The body should be long and medium to large in build with a firm, muscular feel. The legs should be long, slender, and elegant but not fine boned, with neat, rounded paws with generous tufting between the toes and the pads.
The tail is rather thick at the base and tapers, and should be well-furnished to form a brush, and it should be long enough to reach the shoulder blades.
The Nebelung’s head is a modified wedge with width at the eye level, and high, broad cheekbones. The ears are as wide at the base as they are tall, and appear pointed. The eyes are rather large, almond shaped, and set wide apart. The eye colour in adults should be green, as vivid as possible, although eye colour can be yellow in kittens. A Nebelung should have a soft and gentle expression.
In profile, the nose has such a shallow concave curve that it appears virtually straight; there must be no stop, break, or nose bump; the tip of the chin should line up with the tip of the nose. The chin should be strong and deep, the bite level, and the whisker pads prominent. The neck should be long and slender; it may seem heavier than it actually is because of the density of the small ruff.
The lovely coat is semi-long, with a fine undercoat covered with thicker guard hairs; it is dense but soft and silky to the touch. Males may have a more developed ruff than females. Breeches are desirable, as are ear tufts. Feathering behind the ears of a lighter shade of blue is desirable. The length of the coat and density of the undercoat can vary with the seasons and adult coats may take up to two years to fully develop. The colour should be an even, clear, medium blue, although kittens may show ghost tabby markings. The guard hairs should be tipped with silver giving the overall appearance of light silver dusting. The nose leather and paw pads should be blue, although pinkish lavender is acceptable in kittens.
Nebelung make affectionate companions.
Nebelungs are noted for their affectionate, sweet temperament and soft voice. They can appear shy at first and may take a little while to fully settle, so they do need to be given time to allow them to explore and feel confident in new surroundings. Therefore, early socialisation is very important for this breed.
Once fully at home, they form strong bonds with their human families, enjoying their company and being fussed and petted, and interactive games, such as fetch. However, they can be shy around strangers.
They are a highly intelligent breed and quite energetic, so if living as indoor cats only, they will require space to explore and toys and activities to keep them amused and stimulated. They don’t like being left alone for long periods, although they do enjoy their own space to relax. This good-natured breed will happily accept younger family members and cat-friendly dogs, and will soon become a much valued family member, wanting to spend time with you.
It is a rare breed.
The Nebelung is a healthy breed with no known breed related hereditary health issues. Their life expectancy is 15 — 18 years.

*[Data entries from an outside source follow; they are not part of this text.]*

(* Let $0<\alpha_0\le\alpha<2$, $c_l,c_U>0$, let $\Omega\subset\mathbb{R}^d$ be bounded and open, and assume that $k$ satisfies condition (E$_\ge$) with constant $c_l$ and condition (U1) with constant $c_U$. Let $\varepsilon\in(0,1/2)$ be the constant of the small-term property. Let $y_0\in\Omega$, $r<\operatorname{dist}(y_0,\partial\Omega)/2$, $\rho<\varepsilon r/2$, and let $\eta:\mathbb{R}^d\to[0,1]$ be a smooth function with $\eta=1$ on $A^r_{\varepsilon r}(y_0)$, $\eta=0$ on $\mathbb{R}^d\setminus A^{3r/2}_{\varepsilon r/2}(y_0)$ and $|\nabla\eta|\le\frac4\varepsilon r^{-1}$. There is a constant $C$ depending only on $d,c_l,c_U,\alpha_0$ such that $$\int_{\mathbb{R}^d\setminus A^{3r/2}_{\varepsilon r/2}(y_0)}\int_{A^{3r/2}_{\varepsilon r/2}(y_0)}G_\rho(x,y_0)\eta^2(y)k(x,y)\,dy\,dx\le Cr^{d-\alpha}\sup_{A^{3r/2}_{\varepsilon r/2}(y_0)}G_\rho(\cdot,y_0),$$ and in particular $$\int_{\mathbb{R}^d\setminus A^{3r/2}_{\varepsilon r/2}(y_0)}\int_{A^{r}_{\varepsilon r}(y_0)}G_\rho(x,y_0)k(x,y)\,dy\,dx\le Cr^{d-\alpha}\sup_{A^{3r/2}_{\varepsilon r/2}(y_0)}G_\rho(\cdot,y_0).$$
   Context: Throughout, $d\ge 3$ and $k:(\mathbb{R}^d\times\mathbb{R}^d)\setminus\{x=y\}\to[0,\infty)$ is a measurable function with $k(x,y)=k(y,x)$ and $\sup_{x\in\mathbb{R}^d}\int_{\mathbb{R}^d}(1\wedge|y-x|^2)k(x,y)\,dy<\infty$. For an open set $U\subset\mathbb{R}^d$ and measurable $u,v$, $\mathcal{E}_U(u,v)=\int_U\int_U(u(y)-u(x))(v(y)-v(x))k(x,y)\,dy\,dx$ (when finite), and $\mathcal{E}=\mathcal{E}_{\mathbb{R}^d}$. For $0<\alpha<2$ let $k^{(\alpha)}(x,y)=\frac{2^\alpha\Gamma((d+\alpha)/2)}{\pi^{d/2}|\Gamma(-\alpha/2)|}|y-x|^{-d-\alpha}$ and let $\mathcal{E}^\alpha_U$, $\mathcal{E}^\alpha$ denote the same forms with $k$ replaced by $k^{(\alpha)}$. $H(\mathbb{R}^d;k)=\{u\in L^2(\mathbb{R}^d):\mathcal{E}(u,u)<\infty\}$ and, for open $\Omega$, $H_\Omega(\mathbb{R}^d;k)=\{u\in H(\mathbb{R}^d;k): u=0\text{ a.e. on }\mathbb{R}^d\setminus\Omega\}$. Condition (E$_\ge$) with constant $c_l>0$: for every ball $B=B_r(x_0)\subset\mathbb{R}^d$ and every $u\in L^2(B)$, $\mathcal{E}_B(u,u)\ge c_l\,\mathcal{E}^\alpha_B(u,u)$. Condition (U1) with constant $c_U>0$: for all $r>0$, $\sup_{x\in\mathbb{R}^d}\int_{\mathbb{R}^d}(r^2\wedge|y-x|^2)k(x,y)\,dy\le c_U r^{2-\alpha}$. Regularized Green function: for bounded open $\Omega$, $k$ satisfying (E$_\ge$), $y_0\in\Omega$ and $\rho>0$ with $B_\rho(y_0)\subset\Omega$, $G_\rho(\cdot,y_0)$ denotes the unique function in $H_\Omega(\mathbb{R}^d;k)$ with $\mathcal{E}(G_\rho(\cdot,y_0),\varphi)=\fint_{B_\rho(y_0)}\varphi\,dx$ for all $\varphi\in H_\Omega(\mathbb{R}^d;k)$; it is nonnegative (and continuous in $\Omega\setminus\overline{B_\rho(y_0)}$). Annuli: $A^R_s(y_0)=B_R(y_0)\setminus B_s(y_0)$. The constant $\varepsilon$ (small-term property): $\varepsilon\in(0,1/2)$ is a number depending only on $d,c_l,c_U,\alpha_0$ such that $\int_{B_{\varepsilon r}(y_0)}\int_{\mathbb{R}^d\setminus B_r(y_0)}G_\rho(x,y_0)k(x,y)\,dy\,dx\le 1/4$ for all $y_0\in\Omega$, $r<\operatorname{dist}(y_0,\partial\Omega)$ and $\rho>0$ with $B_\rho(y_0)\subset\Omega$. *)

theory Defs
  imports "HOL-Analysis.Analysis"
begin

definition kernel_std :: "('a::euclidean_space \<Rightarrow> 'a \<Rightarrow> real) \<Rightarrow> bool" where
  "kernel_std k \<longleftrightarrow>
     (\<lambda>(x,y). k x y) \<in> borel_measurable (lborel \<Otimes>\<^sub>M lborel) \<and>
     (\<forall>x y. x \<noteq> y \<longrightarrow> 0 \<le> k x y \<and> k x y = k y x) \<and>
     (SUP x. \<integral>\<^sup>+ y. ennreal (min 1 ((norm (y - x))\<^sup>2) * k x y) \<partial>lborel) < \<infinity>"

definition kalpha :: "real \<Rightarrow> 'a::euclidean_space \<Rightarrow> 'a \<Rightarrow> real" where
  "kalpha \<alpha> x y =
     2 powr \<alpha> * Gamma ((real DIM('a) + \<alpha>) / 2)
       / (pi powr (real DIM('a) / 2) * \<bar>Gamma (- \<alpha> / 2)\<bar>)
       * norm (y - x) powr (- real DIM('a) - \<alpha>)"

definition Eq :: "'a::euclidean_space set \<Rightarrow> ('a \<Rightarrow> 'a \<Rightarrow> real) \<Rightarrow> ('a \<Rightarrow> real) \<Rightarrow> ennreal" where
  "Eq U k u = (\<integral>\<^sup>+ x. indicator U x *
       (\<integral>\<^sup>+ y. indicator U y * ennreal ((u y - u x)\<^sup>2 * k x y) \<partial>lborel) \<partial>lborel)"

definition Ebil :: "('a::euclidean_space \<Rightarrow> 'a \<Rightarrow> real) \<Rightarrow> ('a \<Rightarrow> real) \<Rightarrow> ('a \<Rightarrow> real) \<Rightarrow> real" where
  "Ebil k u v = (\<integral> x. (\<integral> y. (u y - u x) * (v y - v x) * k x y \<partial>lborel) \<partial>lborel)"

definition L2on :: "'a::euclidean_space set \<Rightarrow> ('a \<Rightarrow> real) \<Rightarrow> bool" where
  "L2on B u \<longleftrightarrow> u \<in> borel_measurable lborel \<and>
     (\<integral>\<^sup>+ x. indicator B x * ennreal ((u x)\<^sup>2) \<partial>lborel) < \<infinity>"

definition cond_Ege :: "real \<Rightarrow> real \<Rightarrow> ('a::euclidean_space \<Rightarrow> 'a \<Rightarrow> real) \<Rightarrow> bool" where
  "cond_Ege cl \<alpha> k \<longleftrightarrow> (\<forall>x0 r u. L2on (ball x0 r) u \<longrightarrow>
      Eq (ball x0 r) k u \<ge> ennreal cl * Eq (ball x0 r) (kalpha \<alpha>) u)"

definition cond_U1 :: "real \<Rightarrow> real \<Rightarrow> ('a::euclidean_space \<Rightarrow> 'a \<Rightarrow> real) \<Rightarrow> bool" where
  "cond_U1 cU \<alpha> k \<longleftrightarrow> (\<forall>r>0. \<forall>x.
      (\<integral>\<^sup>+ y. ennreal (min (r\<^sup>2) ((norm (y - x))\<^sup>2) * k x y) \<partial>lborel) \<le> ennreal (cU * r powr (2 - \<alpha>)))"

definition H_space :: "('a::euclidean_space \<Rightarrow> 'a \<Rightarrow> real) \<Rightarrow> ('a \<Rightarrow> real) \<Rightarrow> bool" where
  "H_space k u \<longleftrightarrow> L2on UNIV u \<and> Eq UNIV k u < \<infinity>"

definition H_Omega :: "'a::euclidean_space set \<Rightarrow> ('a \<Rightarrow> 'a \<Rightarrow> real) \<Rightarrow> ('a \<Rightarrow> real) \<Rightarrow> bool" where
  "H_Omega \<Omega> k u \<longleftrightarrow> H_space k u \<and> (AE x in lborel. x \<notin> \<Omega> \<longrightarrow> u x = 0)"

The main issue is to ensure they do not become overweight, as they do enjoy their food, so their diet must be carefully managed. A Nebelung weighs between 8 – 16 lbs with the males being noticeably heavier than the females.
Although they have a semi-longhair coat, the texture is silky, and it is not onerous to maintain, and should be groomed weekly with a wide-toothed steel comb to ensure it doesn’t knot or mat. They will shed in the spring, and possibly autumn, when care must be taken to remove any old or dead coat.
Remember! All breed profiles are general and every cat is an individual.